*Work item*: Retype the data in its entirety, with no word changed.

Dataset entries
☆ ☆ ☆
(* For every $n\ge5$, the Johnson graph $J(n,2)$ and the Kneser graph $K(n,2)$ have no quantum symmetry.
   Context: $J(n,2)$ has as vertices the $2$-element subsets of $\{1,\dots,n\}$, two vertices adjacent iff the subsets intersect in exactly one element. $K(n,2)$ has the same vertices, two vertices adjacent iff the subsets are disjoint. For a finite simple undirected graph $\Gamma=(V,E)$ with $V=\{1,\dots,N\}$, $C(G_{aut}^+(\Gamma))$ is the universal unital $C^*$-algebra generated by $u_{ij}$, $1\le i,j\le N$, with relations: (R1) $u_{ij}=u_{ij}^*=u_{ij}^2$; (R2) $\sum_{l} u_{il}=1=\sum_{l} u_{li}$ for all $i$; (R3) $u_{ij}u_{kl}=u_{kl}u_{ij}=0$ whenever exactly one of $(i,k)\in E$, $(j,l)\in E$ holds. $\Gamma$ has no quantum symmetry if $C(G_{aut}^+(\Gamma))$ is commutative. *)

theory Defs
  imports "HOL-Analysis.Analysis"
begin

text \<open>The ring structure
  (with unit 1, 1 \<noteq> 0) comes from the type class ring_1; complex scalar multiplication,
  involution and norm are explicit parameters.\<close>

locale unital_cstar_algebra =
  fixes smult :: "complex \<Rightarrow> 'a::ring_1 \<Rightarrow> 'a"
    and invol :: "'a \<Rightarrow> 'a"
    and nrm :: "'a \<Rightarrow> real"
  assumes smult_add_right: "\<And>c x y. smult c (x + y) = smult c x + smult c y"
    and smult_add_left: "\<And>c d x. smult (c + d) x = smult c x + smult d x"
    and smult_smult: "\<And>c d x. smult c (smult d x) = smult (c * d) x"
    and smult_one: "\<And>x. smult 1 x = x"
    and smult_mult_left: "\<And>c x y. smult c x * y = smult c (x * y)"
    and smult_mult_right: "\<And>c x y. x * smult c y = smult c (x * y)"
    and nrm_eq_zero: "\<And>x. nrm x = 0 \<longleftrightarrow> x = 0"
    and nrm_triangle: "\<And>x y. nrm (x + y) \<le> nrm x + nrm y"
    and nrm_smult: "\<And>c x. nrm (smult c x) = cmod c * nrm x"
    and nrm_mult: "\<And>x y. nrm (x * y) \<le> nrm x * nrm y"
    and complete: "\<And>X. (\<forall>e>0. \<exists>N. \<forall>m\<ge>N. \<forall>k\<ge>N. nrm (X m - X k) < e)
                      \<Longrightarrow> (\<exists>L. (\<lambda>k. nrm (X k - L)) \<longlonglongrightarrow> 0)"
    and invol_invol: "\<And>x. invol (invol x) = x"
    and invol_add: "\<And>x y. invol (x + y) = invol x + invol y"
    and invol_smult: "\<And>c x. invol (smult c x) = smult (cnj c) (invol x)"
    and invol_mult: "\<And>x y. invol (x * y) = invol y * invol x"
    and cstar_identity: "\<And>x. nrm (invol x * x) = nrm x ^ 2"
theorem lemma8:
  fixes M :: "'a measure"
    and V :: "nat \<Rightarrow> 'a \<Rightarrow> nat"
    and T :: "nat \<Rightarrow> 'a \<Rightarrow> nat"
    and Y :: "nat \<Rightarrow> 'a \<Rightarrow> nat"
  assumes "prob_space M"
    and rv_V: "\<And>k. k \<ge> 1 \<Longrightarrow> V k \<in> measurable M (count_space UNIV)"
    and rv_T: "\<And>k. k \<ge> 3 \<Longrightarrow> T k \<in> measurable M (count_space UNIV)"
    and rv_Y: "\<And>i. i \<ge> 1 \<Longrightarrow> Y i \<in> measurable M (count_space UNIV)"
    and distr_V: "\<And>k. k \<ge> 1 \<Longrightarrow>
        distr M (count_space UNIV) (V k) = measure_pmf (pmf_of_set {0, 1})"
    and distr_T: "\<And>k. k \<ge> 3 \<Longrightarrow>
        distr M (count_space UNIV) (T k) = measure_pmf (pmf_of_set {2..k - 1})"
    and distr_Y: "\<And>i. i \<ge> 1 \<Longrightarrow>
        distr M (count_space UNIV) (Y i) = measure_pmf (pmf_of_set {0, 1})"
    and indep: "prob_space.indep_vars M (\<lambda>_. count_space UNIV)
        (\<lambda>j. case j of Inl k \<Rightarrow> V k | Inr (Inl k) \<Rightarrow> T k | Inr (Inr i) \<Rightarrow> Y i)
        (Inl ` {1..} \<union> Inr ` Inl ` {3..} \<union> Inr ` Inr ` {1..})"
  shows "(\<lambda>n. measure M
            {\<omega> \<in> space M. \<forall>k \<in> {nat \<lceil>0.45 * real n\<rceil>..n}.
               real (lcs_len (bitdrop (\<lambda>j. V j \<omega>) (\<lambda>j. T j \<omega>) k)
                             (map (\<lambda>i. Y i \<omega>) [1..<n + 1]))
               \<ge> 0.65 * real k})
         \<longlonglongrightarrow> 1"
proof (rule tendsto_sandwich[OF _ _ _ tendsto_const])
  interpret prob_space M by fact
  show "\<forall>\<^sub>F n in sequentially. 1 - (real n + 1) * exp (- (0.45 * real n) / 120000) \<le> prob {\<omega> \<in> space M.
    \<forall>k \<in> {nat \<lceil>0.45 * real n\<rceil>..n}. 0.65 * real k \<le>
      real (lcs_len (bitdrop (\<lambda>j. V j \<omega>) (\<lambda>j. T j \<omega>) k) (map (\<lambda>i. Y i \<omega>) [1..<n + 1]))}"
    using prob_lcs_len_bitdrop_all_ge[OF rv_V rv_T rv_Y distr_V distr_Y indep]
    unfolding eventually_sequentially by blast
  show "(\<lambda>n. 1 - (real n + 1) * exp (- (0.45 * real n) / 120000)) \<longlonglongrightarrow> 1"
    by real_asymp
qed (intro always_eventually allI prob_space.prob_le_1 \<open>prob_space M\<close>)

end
☆ ☆ ☆
*Written response*:
(* For every $n\ge5$, the Johnson graph $J(n,2)$ and the Kneser graph $K(n,2)$ have no quantum symmetry.
   Context: $J(n,2)$ has as vertices the $2$-element subsets of $\{1,\dots,n\}$, two vertices adjacent iff the subsets intersect in exactly one element. $K(n,2)$ has the same vertices, two vertices adjacent iff the subsets are disjoint. For a finite simple undirected graph $\Gamma=(V,E)$ with $V=\{1,\dots,N\}$, $C(G_{aut}^+(\Gamma))$ is the universal unital $C^*$-algebra generated by $u_{ij}$, $1\le i,j\le N$, with relations: (R1) $u_{ij}=u_{ij}^*=u_{ij}^2$; (R2) $\sum_{l} u_{il}=1=\sum_{l} u_{li}$ for all $i$; (R3) $u_{ij}u_{kl}=u_{kl}u_{ij}=0$ whenever exactly one of $(i,k)\in E$, $(j,l)\in E$ holds. $\Gamma$ has no quantum symmetry if $C(G_{aut}^+(\Gamma))$ is commutative. *)

theory Defs
  imports "HOL-Analysis.Analysis"
begin

text \<open>The ring structure
  (with unit 1, 1 \<noteq> 0) comes from the type class ring_1; complex scalar multiplication,
  involution and norm are explicit parameters.\<close>

locale unital_cstar_algebra =
  fixes smult :: "complex \<Rightarrow> 'a::ring_1 \<Rightarrow> 'a"
    and invol :: "'a \<Rightarrow> 'a"
    and nrm :: "'a \<Rightarrow> real"
  assumes smult_add_right: "\<And>c x y. smult c (x + y) = smult c x + smult c y"
    and smult_add_left: "\<And>c d x. smult (c + d) x = smult c x + smult d x"
    and smult_smult: "\<And>c d x. smult c (smult d x) = smult (c * d) x"
    and smult_one: "\<And>x. smult 1 x = x"
    and smult_mult_left: "\<And>c x y. smult c x * y = smult c (x * y)"
    and smult_mult_right: "\<And>c x y. x * smult c y = smult c (x * y)"
    and nrm_eq_zero: "\<And>x. nrm x = 0 \<longleftrightarrow> x = 0"
    and nrm_triangle: "\<And>x y. nrm (x + y) \<le> nrm x + nrm y"
    and nrm_smult: "\<And>c x. nrm (smult c x) = cmod c * nrm x"
    and nrm_mult: "\<And>x y. nrm (x * y) \<le> nrm x * nrm y"
    and complete: "\<And>X. (\<forall>e>0. \<exists>N. \<forall>m\<ge>N. \<forall>k\<ge>N. nrm (X m - X k) < e)
                      \<Longrightarrow> (\<exists>L. (\<lambda>k. nrm (X k - L)) \<longlonglongrightarrow> 0)"
    and invol_invol: "\<And>x. invol (invol x) = x"
    and invol_add: "\<And>x y. invol (x + y) = invol x + invol y"
    and invol_smult: "\<And>c x. invol (smult c x) = smult (cnj c) (invol x)"
    and invol_mult: "\<And>x y. invol (x * y) = invol y * invol x"
    and cstar_identity: "\<And>x. nrm (invol x * x) = nrm x ^ 2"
theorem lemma8:
  fixes M :: "'a measure"
    and V :: "nat \<Rightarrow> 'a \<Rightarrow> nat"
    and T :: "nat \<Rightarrow> 'a \<Rightarrow> nat"
    and Y :: "nat \<Rightarrow> 'a \<Rightarrow> nat"
  assumes "prob_space M"
    and rv_V: "\<And>k. k \<ge> 1 \<Longrightarrow> V k \<in> measurable M (count_space UNIV)"
    and rv_T: "\<And>k. k \<ge> 3 \<Longrightarrow> T k \<in> measurable M (count_space UNIV)"
    and rv_Y: "\<And>i. i \<ge> 1 \<Longrightarrow> Y i \<in> measurable M (count_space UNIV)"
    and distr_V: "\<And>k. k \<ge> 1 \<Longrightarrow>
        distr M (count_space UNIV) (V k) = measure_pmf (pmf_of_set {0, 1})"
    and distr_T: "\<And>k. k \<ge> 3 \<Longrightarrow>
        distr M (count_space UNIV) (T k) = measure_pmf (pmf_of_set {2..k - 1})"
    and distr_Y: "\<And>i. i \<ge> 1 \<Longrightarrow>
        distr M (count_space UNIV) (Y i) = measure_pmf (pmf_of_set {0, 1})"
    and indep: "prob_space.indep_vars M (\<lambda>_. count_space UNIV)
        (\<lambda>j. case j of Inl k \<Rightarrow> V k | Inr (Inl k) \<Rightarrow> T k | Inr (Inr i) \<Rightarrow> Y i)
        (Inl ` {1..} \<union> Inr ` Inl ` {3..} \<union> Inr ` Inr ` {1..})"
  shows "(\<lambda>n. measure M
            {\<omega> \<in> space M. \<forall>k \<in> {nat \<lceil>0.45 * real n\<rceil>..n}.
               real (lcs_len (bitdrop (\<lambda>j. V j \<omega>) (\<lambda>j. T j \<omega>) k)
                             (map (\<lambda>i. Y i \<omega>) [1..<n + 1]))
               \<ge> 0.65 * real k})
         \<longlonglongrightarrow> 1"
proof (rule tendsto_sandwich[OF _ _ _ tendsto_const])
  interpret prob_space M by fact
  show "\<forall>\<^sub>F n in sequentially. 1 - (real n + 1) * exp (- (0.45 * real n) / 120000) \<le> prob {\<omega> \<in> space M.
    \<forall>k \<in> {nat \<lceil>0.45 * real n\<rceil>..n}. 0.65 * real k \<le>
      real (lcs_len (bitdrop (\<lambda>j. V j \<omega>) (\<lambda>j. T j \<omega>) k) (map (\<lambda>i. Y i \<omega>) [1..<n + 1]))}"
    using prob_lcs_len_bitdrop_all_ge[OF rv_V rv_T rv_Y distr_V distr_Y indep]
    unfolding eventually_sequentially by blast
  show "(\<lambda>n. 1 - (real n + 1) * exp (- (0.45 * real n) / 120000)) \<longlonglongrightarrow> 1"
    by real_asymp
qed (intro always_eventually allI prob_space.prob_le_1 \<open>prob_space M\<close>)

end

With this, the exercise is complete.